[Collected data]
----

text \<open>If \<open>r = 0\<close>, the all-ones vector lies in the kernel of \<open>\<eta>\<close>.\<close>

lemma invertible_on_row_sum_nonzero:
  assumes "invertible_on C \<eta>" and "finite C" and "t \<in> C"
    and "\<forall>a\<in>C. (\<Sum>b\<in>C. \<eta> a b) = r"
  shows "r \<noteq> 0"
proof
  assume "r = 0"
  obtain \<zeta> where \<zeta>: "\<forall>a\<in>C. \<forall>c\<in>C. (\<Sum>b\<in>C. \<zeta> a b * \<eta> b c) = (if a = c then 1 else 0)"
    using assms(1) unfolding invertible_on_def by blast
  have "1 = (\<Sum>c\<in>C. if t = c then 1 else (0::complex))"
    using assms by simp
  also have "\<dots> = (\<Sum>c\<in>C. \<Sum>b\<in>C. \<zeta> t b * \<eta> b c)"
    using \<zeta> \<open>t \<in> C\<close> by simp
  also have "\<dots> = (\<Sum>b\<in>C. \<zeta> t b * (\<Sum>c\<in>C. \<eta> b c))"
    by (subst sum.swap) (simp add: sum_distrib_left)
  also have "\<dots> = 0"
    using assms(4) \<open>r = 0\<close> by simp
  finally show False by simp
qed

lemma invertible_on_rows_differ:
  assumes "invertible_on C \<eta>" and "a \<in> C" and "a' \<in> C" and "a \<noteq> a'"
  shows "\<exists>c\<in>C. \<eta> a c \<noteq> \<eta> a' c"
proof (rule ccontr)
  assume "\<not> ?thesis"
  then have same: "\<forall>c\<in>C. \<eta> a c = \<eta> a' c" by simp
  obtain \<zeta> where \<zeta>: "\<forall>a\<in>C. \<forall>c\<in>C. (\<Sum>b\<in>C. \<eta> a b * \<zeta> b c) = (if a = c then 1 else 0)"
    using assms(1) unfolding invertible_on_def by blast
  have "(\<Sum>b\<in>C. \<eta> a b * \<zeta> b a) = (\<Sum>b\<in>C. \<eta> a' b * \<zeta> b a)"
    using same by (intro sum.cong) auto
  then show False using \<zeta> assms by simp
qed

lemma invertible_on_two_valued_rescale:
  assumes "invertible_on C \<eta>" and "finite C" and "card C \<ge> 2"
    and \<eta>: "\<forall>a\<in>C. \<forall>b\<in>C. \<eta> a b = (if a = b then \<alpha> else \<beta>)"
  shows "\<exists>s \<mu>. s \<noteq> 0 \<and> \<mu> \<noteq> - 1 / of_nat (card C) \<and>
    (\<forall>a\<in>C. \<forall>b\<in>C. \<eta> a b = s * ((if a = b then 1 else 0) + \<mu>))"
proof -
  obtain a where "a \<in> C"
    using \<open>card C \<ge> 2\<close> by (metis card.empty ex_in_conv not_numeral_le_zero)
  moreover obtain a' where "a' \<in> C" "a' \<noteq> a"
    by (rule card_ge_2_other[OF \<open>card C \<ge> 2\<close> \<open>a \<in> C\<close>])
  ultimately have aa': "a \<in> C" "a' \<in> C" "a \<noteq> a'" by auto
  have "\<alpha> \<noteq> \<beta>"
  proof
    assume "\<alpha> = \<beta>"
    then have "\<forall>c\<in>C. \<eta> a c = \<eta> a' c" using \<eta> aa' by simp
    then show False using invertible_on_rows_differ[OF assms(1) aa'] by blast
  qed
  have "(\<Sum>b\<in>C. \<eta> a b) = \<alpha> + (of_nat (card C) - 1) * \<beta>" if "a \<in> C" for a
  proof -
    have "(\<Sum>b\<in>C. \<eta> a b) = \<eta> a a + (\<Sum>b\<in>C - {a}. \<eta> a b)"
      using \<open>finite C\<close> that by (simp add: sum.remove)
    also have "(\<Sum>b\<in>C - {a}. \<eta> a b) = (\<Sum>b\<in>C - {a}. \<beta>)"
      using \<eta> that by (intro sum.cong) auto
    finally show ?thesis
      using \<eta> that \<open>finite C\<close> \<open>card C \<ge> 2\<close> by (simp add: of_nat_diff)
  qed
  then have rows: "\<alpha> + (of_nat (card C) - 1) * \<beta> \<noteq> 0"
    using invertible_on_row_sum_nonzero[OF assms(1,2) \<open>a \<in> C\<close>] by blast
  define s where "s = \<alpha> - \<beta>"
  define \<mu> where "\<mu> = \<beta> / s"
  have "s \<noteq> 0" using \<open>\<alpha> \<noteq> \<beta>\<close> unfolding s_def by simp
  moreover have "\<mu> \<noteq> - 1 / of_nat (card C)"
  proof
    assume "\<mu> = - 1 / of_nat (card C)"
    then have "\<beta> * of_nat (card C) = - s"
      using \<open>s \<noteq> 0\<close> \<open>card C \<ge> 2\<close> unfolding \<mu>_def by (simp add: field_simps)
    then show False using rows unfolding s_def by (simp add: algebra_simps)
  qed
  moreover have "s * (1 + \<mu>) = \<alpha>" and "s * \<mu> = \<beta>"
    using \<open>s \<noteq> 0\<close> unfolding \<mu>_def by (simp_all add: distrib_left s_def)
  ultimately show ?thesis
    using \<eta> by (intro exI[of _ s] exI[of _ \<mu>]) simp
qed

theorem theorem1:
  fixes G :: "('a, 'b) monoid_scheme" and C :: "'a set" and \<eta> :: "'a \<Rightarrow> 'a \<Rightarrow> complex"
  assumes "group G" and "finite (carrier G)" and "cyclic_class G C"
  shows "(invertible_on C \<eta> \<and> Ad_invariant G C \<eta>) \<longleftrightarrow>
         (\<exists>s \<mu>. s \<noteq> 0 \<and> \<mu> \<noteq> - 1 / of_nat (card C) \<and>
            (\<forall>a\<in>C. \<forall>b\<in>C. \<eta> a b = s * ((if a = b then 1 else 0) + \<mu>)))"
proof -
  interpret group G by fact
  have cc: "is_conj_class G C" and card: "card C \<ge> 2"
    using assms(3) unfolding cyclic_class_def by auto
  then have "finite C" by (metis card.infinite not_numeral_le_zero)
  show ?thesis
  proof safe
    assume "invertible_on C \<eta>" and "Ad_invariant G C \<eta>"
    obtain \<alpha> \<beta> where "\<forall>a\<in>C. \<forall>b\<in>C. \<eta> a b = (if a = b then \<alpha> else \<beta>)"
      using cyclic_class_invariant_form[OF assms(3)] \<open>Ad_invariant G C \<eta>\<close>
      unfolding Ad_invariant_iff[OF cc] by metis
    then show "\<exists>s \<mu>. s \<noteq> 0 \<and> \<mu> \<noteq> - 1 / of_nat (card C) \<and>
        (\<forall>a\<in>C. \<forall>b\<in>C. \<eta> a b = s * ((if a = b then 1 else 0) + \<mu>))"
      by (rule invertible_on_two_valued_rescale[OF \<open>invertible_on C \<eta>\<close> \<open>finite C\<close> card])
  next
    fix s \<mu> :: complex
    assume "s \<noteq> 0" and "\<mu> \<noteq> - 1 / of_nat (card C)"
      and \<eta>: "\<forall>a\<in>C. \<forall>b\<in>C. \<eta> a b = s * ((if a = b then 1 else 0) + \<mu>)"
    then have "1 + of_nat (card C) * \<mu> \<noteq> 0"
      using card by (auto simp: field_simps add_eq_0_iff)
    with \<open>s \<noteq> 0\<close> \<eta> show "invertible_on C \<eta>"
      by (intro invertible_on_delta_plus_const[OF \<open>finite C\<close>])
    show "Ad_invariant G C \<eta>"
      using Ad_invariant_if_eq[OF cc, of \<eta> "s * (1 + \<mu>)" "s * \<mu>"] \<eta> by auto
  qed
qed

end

----

# Brief
In the records, how many lines have the word "moreover" in them? Only the number is needed.

# Exercise output
3